"Data science and geostatistical modeling of nitrate groundwater pollution as a estimation tool for water supply well placement"

1. Dataset

The data (https://apps.ecology.wa.gov/eim/search/default.aspx) originates from the Washington Department of Ecology’s Lower Yakima Valley Groundwater Management Area Ambient Groundwater Monitoring Network study (https://apps.ecology.wa.gov/publications/documents/2103106.pdf ) conducted between July and December of 2021. The dataset consists of 172 sampling locations that were sampled twice for a total of 344 observations. Both categorical and numeric features are represented in the dataset.

Two categorical features “Well_Type” (type) and “Well_Completion_Type” (completion) are included in the locations dataset. Type indicates the purpose the sampling location well was constructed for (i.e., irrigation, monitoring or supply). Completion indicates whether the well interval open to the aquifer is screened to inhibit aquifer materials from entering the well or open ended which is unscreened. Type and completion can affect sample results in that groundwater could be sampled over a range of the saturated aquifer thickness versus a discrete zone.
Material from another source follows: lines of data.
(* Assume condition (A). Then the limit function $R(\lambda)=\lim_{n\to\infty}R_n(\lambda)$, $\lambda\ge 0$, has the representation $$R(\lambda)=c\lambda-\theta\lambda^2-\int_0^\infty\big(e^{-\lambda u}-1+\lambda u\big)\,\Lambda_1(du),$$ where $c\in\mathbb R$, $\theta\ge0$, and $\Lambda_1$ is a $\sigma$-finite measure on $(0,\infty)$ with $\int_0^\infty(u\wedge u^2)\,\Lambda_1(du)<\infty$.
   Context: For each $n\ge1$, let $\{\xi_n(k,j):k,j\ge1\}$ be a family of i.i.d. random variables with values in $\mathbb N=\{0,1,2,\dots\}$, with generating function $g_n(s)=E[s^{\xi_n(1,1)}]$, $0\le s\le 1$. Let $(b_n)$ be positive numbers with $b_n\to\infty$. For $0\le\lambda\le b_n$ set $R_n(\lambda)=nb_n[(1-\lambda/b_n)-g_n(1-\lambda/b_n)]$. Condition (A): the sequence $(R_n)$ is uniformly Lipschitz on each bounded interval (for $n$ large enough that it is defined there) and converges pointwise to a continuous function as $n\to\infty$. *)

theory Defs
  imports "HOL-Probability.Probability"
begin

definition gen_fun :: "nat pmf \<Rightarrow> real \<Rightarrow> real" where
  "gen_fun p s = measure_pmf.expectation p (\<lambda>k. s ^ k)"

text \<open>R_n(lambda) = n b_n [(1 - lambda/b_n) - g_n(1 - lambda/b_n)];
  meaningful for 0 <= lambda <= b_n.\<close>
definition Rfun :: "(nat \<Rightarrow> nat pmf) \<Rightarrow> (nat \<Rightarrow> real) \<Rightarrow> nat \<Rightarrow> real \<Rightarrow> real" where
  "Rfun p b n lam = real n * b n * ((1 - lam / b n) - gen_fun (p n) (1 - lam / b n))"

end

theory Submission
  imports Defs
begin

text \<open>
  Write \<open>N_k(y) = (1-y)^k - 1 + k y\<close> and \<open>M(y) = e^{-y} - 1 + y\<close>. If the offspring
  law of generation \<open>n\<close> has finite mean \<open>m_n\<close>, then
  \<open>R_n(\<lambda>) = n (m_n - 1) \<lambda> - n b_n E[N_\<xi>(\<lambda>/b_n)]\<close>, a linear drift minus a nonnegative term.
  Uniformly in \<open>k\<close>, as \<open>b \<rightarrow> \<infinity>\<close>, \<open>N_k(\<lambda>/b) \<approx> N_k(1/b) G(\<lambda>, v)\<close>, where \<open>u = k/b\<close>,
  \<open>v = u/(1+u)\<close> and \<open>G(\<lambda>, v) = M(\<lambda> u)/M(u)\<close> is bounded and continuous on \<open>[0,1]\<close> once extended by
  \<open>\<lambda>\<^sup>2\<close> at \<open>v = 0\<close> and by \<open>\<lambda>\<close> at \<open>v = 1\<close>. Averaging, \<open>n b_n E[N_\<xi>(\<lambda>/b_n)] \<approx> w_n \<integral> G(\<lambda>,\<cdot>) d\<mu>_n\<close>
  with the mass \<open>w_n = n b_n E[N_\<xi>(1/b_n)]\<close> and a probability law \<open>\<mu>_n\<close> on \<open>[0,1]\<close> (the mixing law).
  Condition (A) yields finite means and bounded drifts and masses, so along a subsequence they
  converge and \<open>\<mu>_n\<close> converges weakly (Helly): \<open>R(\<lambda>) = c\<^sub>0 \<lambda> - m\<^sub>0 \<integral> G(\<lambda>, v) \<mu>(dv)\<close>. Splitting
  \<open>\<mu>\<close> into its atoms at \<open>0\<close> and \<open>1\<close> and its part on \<open>(0,1)\<close>, transported by \<open>v \<mapsto> v/(1-v)\<close>,
  produces \<open>\<theta>\<close>, a drift correction and the Levy measure \<open>\<Lambda>\<^sub>1\<close>.
\<close>

section \<open>Elementary bounds for the defects of \<open>(1-y)^k\<close> and \<open>e^{-y}\<close>\<close>

definition pow_defect :: "nat \<Rightarrow> real \<Rightarrow> real" where
  "pow_defect k y = (1-y)^k - 1 + real k * y"

definition exp_defect :: "real \<Rightarrow> real" where
  "exp_defect y = exp (-y) - 1 + y"

lemma pow_defect_Suc: "pow_defect (Suc k) y = (1-y) * pow_defect k y + real k * y^2"
  by (simp add: pow_defect_def algebra_simps power2_eq_square)

lemma pow_defect_nonneg: assumes "0 \<le> y" "y \<le> 1" shows "0 \<le> pow_defect k y"
proof (induction k)
  case (Suc k) then show ?case using assms by (simp add: pow_defect_Suc)
qed (simp add: pow_defect_def)

lemma pow_defect_upper:
  assumes "0 \<le> y" "y \<le> 1" shows "pow_defect k y \<le> real k * (real k - 1) / 2 * y^2"
proof (induction k)
  case (Suc k)
  have "pow_defect (Suc k) y = (1-y) * pow_defect k y + real k * y^2" by (rule pow_defect_Suc)
  also have "\<dots> \<le> pow_defect k y + real k * y^2"
    using pow_defect_nonneg[OF assms, of k] assms by (simp add: mult_left_le_one_le)
  also have "\<dots> \<le> real k * (real k - 1) / 2 * y^2 + real k * y^2" using Suc by simp
  also have "\<dots> = real (Suc k) * (real (Suc k) - 1) / 2 * y^2" by (simp add: field_simps)
  finally show ?case .
qed (simp add: pow_defect_def)

lemma pow_defect_lower:
  assumes "0 \<le> y" "y \<le> 1"
  shows "real k * (real k - 1) / 2 * y^2 - real k * (real k - 1) * (real k - 2) / 6 * y^3
    \<le> pow_defect k y"
proof (induction k)
  case (Suc k)
  define A where "A = real k * (real k - 1) / 2 * y^2"
  define B where "B = real k * (real k - 1) * (real k - 2) / 6 * y^3"
  have B_nonneg: "0 \<le> B"
  proof (cases "k \<ge> 2")
    case True then show ?thesis using assms by (auto simp: B_def)
  next
    case False then have "k = 0 \<or> k = 1" by auto
    then show ?thesis by (auto simp: B_def)
  qed
  have "(1-y) * (A - B) \<le> (1-y) * pow_defect k y"
    using Suc assms by (simp add: A_def B_def mult_left_mono)
  moreover have "(1-y)*(A-B) + real k * y^2 = real (Suc k) * (real (Suc k) - 1) / 2 * y^2
      - real (Suc k) * (real (Suc k) - 1) * (real (Suc k) - 2) / 6 * y^3 + y * B"
    by (simp add: A_def B_def field_simps power2_eq_square power3_eq_cube)
  moreover have "0 \<le> y * B" using B_nonneg assms by simp
  ultimately show ?case by (simp add: pow_defect_Suc)
qed (simp add: pow_defect_def)

lemma pow_defect_quadratic:
  assumes y: "0 \<le> y" "y \<le> 1" and ky: "real k * y \<le> \<delta>"
  shows "real k * (real k - 1) / 2 * y^2 * (1 - \<delta>/3) \<le> pow_defect k y"
    and "pow_defect k y \<le> real k * (real k - 1) / 2 * y^2"
proof -
  define Q where "Q = real k * (real k - 1) / 2 * y^2"
  have Q_nonneg: "0 \<le> Q" by (cases k) (auto simp: Q_def)
  have "(real k - 2) * y \<le> \<delta>" using y ky by (smt (verit) mult_right_mono)
  then have "Q * ((real k - 2) * y / 3) \<le> Q * (\<delta> / 3)"
    using Q_nonneg by (intro mult_left_mono) auto
  moreover have "real k * (real k - 1) * (real k - 2) / 6 * y^3 = Q * ((real k - 2) * y / 3)"
    by (simp add: Q_def field_simps power2_eq_square power3_eq_cube)
  moreover have "Q * (1 - \<delta>/3) = Q - Q * (\<delta>/3)" by (simp add: right_diff_distrib)
  ultimately show "Q * (1 - \<delta>/3) \<le> pow_defect k y"
    using pow_defect_lower[OF y, of k] unfolding Q_def[symmetric] by linarith
  show "pow_defect k y \<le> Q" unfolding Q_def by (rule pow_defect_upper[OF y])
qed

lemma exp_minus_upper: fixes y :: real assumes "0 \<le> y" shows "exp (-y) \<le> 1 - y + y^2/2"
proof -
  have "(\<lambda>t. 1 - t + t^2/2 - exp (-t)) 0 \<le> (\<lambda>t. 1 - t + t^2/2 - exp (-t)) y"
  proof (rule DERIV_nonneg_imp_nondecreasing[OF assms])
    fix x assume "0 \<le> x" "x \<le> y"
    have "0 \<le> -1 + x + exp (-x)" using exp_ge_add_one_self[of "-x"] by simp
    moreover have "((\<lambda>t. 1 - t + t^2/2 - exp (-t)) has_real_derivative -1 + x + exp (-x)) (at x)"
      by (auto intro!: derivative_eq_intros)
    ultimately show "\<exists>d. ((\<lambda>t. 1 - t + t^2/2 - exp (-t)) has_real_derivative d) (at x) \<and> 0 \<le> d"
      by blast
  qed
  then show ?thesis by simp
qed

lemma exp_minus_lower: fixes y :: real assumes "0 \<le> y" shows "1 - y + y^2/2 - y^3/6 \<le> exp (-y)"
proof -
  have "(\<lambda>t. exp (-t) - 1 + t - t^2/2 + t^3/6) 0 \<le> (\<lambda>t. exp (-t) - 1 + t - t^2/2 + t^3/6) y"
  proof (rule DERIV_nonneg_imp_nondecreasing[OF assms])
    fix x assume "0 \<le> x" "x \<le> y"
    have "0 \<le> - exp (-x) + 1 - x + x^2/2" using exp_minus_upper[OF \<open>0 \<le> x\<close>] by simp
    moreover have "((\<lambda>t. exp (-t) - 1 + t - t^2/2 + t^3/6) has_real_derivative
        - exp (-x) + 1 - x + x^2/2) (at x)"
      by (auto intro!: derivative_eq_intros simp: power2_eq_square)
    ultimately show "\<exists>d. ((\<lambda>t. exp (-t) - 1 + t - t^2/2 + t^3/6) has_real_derivative d) (at x)
        \<and> 0 \<le> d" by blast
  qed
  then show ?thesis by simp
qed

lemma exp_defect_upper: "0 \<le> y \<Longrightarrow> exp_defect y \<le> y^2/2"
  using exp_minus_upper[of y] by (simp add: exp_defect_def)

lemma exp_defect_lower: "0 \<le> y \<Longrightarrow> y^2/2 - y^3/6 \<le> exp_defect y"
  using exp_minus_lower[of y] by (simp add: exp_defect_def)

lemma exp_defect_ge: "y - 1 \<le> exp_defect y"
  by (simp add: exp_defect_def)

lemma exp_defect_le: "0 \<le> y \<Longrightarrow> exp_defect y \<le> y"
  by (simp add: exp_defect_def)

lemma exp_defect_nonneg: "0 \<le> exp_defect y"
  using exp_ge_add_one_self[of "-y"] by (simp add: exp_defect_def)

lemma exp_defect_pos: assumes "0 < y" shows "0 < exp_defect y"
proof (cases "y \<le> 2")
  case True
  have "0 < y^2 * (3 - y) / 6" using assms True by simp
  also have "y^2 * (3 - y) / 6 = y^2/2 - y^3/6"
    by (simp add: field_simps power2_eq_square power3_eq_cube)
  finally show ?thesis using exp_defect_lower[of y] assms by linarith
next
  case False then show ?thesis using exp_defect_ge[of y] by linarith
qed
Numeric features include groundwater chemistry and geospatial variables. Chemistry variables include pH, specific conductivity (SC), dissolved oxygen (DO), oxidation reduction potential (ORP), and nitrate + nitrate as N (nitrate). Horizontal geospatial coordinates are in decimal degree format and include longitude and latitude that are projected in the NAD83 HARN (National Geodetic Survey, 2018) coordinate system. The vertical geospatial coordinate elevation was not used as a feature because it was missing in many instances and elevations were similar among existing instances.

2. Variables

Input variables after exploratory data analysis and cleaning include the following:

SC – specific conductivity in micro-siemens/cm. This parameter is a measure of the amount of dissolved ionic solids in the sample. SC correlates directly with the samples ability to conduct electricity due to the concentration of ions in solution.

DO – dissolved oxygen in milligrams/liter. Measurement of free, useable oxygen in solution. DO is a good proxy for interconnection of the aquifer with the atmosphere and thus being an open system.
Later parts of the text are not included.